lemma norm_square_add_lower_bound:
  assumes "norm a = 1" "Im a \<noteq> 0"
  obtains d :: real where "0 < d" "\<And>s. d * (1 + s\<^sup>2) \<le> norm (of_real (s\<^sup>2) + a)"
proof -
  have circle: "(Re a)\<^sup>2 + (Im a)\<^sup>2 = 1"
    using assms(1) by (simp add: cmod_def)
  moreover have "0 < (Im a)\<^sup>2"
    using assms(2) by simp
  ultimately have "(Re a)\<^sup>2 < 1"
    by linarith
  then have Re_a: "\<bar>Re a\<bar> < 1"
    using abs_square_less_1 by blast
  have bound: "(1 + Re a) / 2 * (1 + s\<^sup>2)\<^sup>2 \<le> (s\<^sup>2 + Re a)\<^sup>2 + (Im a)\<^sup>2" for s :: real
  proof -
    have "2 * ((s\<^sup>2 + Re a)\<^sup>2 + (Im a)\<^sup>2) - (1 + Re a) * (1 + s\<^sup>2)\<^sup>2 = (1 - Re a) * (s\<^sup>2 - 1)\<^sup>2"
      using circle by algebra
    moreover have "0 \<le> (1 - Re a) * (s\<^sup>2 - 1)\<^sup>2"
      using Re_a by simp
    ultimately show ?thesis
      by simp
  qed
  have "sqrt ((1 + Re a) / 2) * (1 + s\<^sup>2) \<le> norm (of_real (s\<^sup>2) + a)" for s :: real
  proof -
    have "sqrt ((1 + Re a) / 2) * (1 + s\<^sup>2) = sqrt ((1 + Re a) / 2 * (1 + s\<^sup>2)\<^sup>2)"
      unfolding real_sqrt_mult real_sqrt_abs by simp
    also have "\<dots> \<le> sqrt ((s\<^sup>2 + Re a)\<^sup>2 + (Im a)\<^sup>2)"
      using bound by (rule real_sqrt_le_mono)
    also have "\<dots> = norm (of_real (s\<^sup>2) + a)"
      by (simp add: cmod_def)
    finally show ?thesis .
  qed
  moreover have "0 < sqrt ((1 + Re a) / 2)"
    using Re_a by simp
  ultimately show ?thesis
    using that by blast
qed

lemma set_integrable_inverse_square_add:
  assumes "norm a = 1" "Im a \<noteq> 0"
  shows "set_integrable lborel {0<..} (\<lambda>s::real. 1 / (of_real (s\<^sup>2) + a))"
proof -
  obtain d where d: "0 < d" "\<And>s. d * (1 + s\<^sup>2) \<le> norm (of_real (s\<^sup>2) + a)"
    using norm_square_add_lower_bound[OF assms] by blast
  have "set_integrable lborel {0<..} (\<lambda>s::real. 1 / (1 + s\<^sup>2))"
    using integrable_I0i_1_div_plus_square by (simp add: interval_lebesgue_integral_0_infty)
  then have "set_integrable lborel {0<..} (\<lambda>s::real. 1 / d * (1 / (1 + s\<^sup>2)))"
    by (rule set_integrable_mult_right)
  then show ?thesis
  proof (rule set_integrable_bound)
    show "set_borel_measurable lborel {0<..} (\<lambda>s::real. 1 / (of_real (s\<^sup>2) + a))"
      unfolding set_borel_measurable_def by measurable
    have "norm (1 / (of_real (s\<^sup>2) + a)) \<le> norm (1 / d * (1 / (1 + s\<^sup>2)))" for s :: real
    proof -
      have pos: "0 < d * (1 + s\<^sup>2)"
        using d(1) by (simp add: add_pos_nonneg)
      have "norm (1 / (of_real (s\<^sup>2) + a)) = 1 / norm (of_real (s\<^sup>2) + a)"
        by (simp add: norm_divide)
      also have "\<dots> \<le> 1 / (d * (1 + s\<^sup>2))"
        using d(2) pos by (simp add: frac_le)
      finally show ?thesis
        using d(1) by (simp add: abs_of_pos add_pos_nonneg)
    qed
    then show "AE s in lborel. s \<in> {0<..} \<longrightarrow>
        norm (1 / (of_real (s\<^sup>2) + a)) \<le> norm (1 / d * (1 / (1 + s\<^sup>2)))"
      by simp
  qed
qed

-------------------------

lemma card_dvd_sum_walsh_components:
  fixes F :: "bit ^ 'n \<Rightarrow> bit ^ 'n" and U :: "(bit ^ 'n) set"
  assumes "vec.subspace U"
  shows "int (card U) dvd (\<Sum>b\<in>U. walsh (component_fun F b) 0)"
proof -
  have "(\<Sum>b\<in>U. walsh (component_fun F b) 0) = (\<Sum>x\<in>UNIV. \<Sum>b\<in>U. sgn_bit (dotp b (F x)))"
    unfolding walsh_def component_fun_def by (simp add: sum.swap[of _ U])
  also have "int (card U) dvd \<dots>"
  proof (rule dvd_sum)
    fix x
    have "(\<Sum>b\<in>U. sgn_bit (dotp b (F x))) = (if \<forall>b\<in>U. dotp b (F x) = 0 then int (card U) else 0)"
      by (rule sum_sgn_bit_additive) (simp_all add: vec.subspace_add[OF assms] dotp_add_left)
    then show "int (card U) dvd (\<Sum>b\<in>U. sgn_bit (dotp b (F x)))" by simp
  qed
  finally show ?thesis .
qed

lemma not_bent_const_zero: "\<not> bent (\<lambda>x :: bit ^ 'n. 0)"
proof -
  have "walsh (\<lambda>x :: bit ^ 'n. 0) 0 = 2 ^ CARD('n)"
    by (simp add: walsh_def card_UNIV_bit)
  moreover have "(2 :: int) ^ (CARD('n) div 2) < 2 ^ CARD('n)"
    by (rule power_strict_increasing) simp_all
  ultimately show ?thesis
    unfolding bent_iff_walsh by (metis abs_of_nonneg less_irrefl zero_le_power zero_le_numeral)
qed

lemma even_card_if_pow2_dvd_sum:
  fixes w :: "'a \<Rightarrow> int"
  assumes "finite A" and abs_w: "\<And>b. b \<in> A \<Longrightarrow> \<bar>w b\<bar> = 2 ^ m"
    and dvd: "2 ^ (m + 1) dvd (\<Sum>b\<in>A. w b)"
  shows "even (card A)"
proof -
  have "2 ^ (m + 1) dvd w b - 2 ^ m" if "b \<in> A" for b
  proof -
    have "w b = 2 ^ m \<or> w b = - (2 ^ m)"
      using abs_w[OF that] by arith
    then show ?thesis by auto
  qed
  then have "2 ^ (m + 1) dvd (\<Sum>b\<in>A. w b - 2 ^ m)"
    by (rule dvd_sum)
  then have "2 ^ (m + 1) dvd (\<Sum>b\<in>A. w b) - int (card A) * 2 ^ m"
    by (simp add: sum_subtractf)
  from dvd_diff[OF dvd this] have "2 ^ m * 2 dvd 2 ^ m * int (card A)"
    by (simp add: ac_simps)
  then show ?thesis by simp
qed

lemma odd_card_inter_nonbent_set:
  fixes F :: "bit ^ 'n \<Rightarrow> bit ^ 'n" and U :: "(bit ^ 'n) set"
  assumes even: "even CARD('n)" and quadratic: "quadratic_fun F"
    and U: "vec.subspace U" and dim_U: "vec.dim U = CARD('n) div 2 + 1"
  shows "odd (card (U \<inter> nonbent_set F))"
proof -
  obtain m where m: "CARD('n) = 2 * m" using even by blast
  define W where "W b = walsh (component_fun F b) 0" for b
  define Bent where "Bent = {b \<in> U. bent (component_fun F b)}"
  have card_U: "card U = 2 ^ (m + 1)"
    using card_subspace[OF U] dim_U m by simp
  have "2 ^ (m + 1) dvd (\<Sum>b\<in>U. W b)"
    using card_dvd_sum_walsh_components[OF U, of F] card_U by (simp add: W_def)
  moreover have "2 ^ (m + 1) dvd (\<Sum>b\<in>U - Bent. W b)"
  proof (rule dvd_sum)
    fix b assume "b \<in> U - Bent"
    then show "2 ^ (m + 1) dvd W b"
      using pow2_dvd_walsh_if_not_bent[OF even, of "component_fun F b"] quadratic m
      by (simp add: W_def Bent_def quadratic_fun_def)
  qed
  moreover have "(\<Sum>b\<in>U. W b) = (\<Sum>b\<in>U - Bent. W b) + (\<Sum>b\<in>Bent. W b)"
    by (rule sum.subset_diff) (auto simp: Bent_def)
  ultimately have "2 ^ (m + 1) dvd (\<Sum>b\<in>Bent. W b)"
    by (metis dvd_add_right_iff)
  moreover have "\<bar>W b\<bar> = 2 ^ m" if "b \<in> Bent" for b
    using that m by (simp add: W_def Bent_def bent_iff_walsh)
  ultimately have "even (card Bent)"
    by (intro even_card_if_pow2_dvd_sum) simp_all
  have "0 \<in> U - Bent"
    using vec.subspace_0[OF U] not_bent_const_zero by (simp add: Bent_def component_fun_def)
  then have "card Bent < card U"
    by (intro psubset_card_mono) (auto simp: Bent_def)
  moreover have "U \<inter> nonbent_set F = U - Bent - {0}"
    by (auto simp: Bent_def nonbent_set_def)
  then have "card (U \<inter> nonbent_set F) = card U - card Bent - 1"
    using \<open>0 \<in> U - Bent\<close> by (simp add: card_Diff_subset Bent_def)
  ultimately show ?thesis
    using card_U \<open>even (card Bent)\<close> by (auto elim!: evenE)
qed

-------------------------

About this exercise |
In the listing above, find the line containing "using assms(1) by (simp add: cmod_def)" and the line containing "using circle by algebra". Output them and every line between, exactly, and nothing else.

Written solution |
    using assms(1) by (simp add: cmod_def)
  moreover have "0 < (Im a)\<^sup>2"
    using assms(2) by simp
  ultimately have "(Re a)\<^sup>2 < 1"
    by linarith
  then have Re_a: "\<bar>Re a\<bar> < 1"
    using abs_square_less_1 by blast
  have bound: "(1 + Re a) / 2 * (1 + s\<^sup>2)\<^sup>2 \<le> (s\<^sup>2 + Re a)\<^sup>2 + (Im a)\<^sup>2" for s :: real
  proof -
    have "2 * ((s\<^sup>2 + Re a)\<^sup>2 + (Im a)\<^sup>2) - (1 + Re a) * (1 + s\<^sup>2)\<^sup>2 = (1 - Re a) * (s\<^sup>2 - 1)\<^sup>2"
      using circle by algebra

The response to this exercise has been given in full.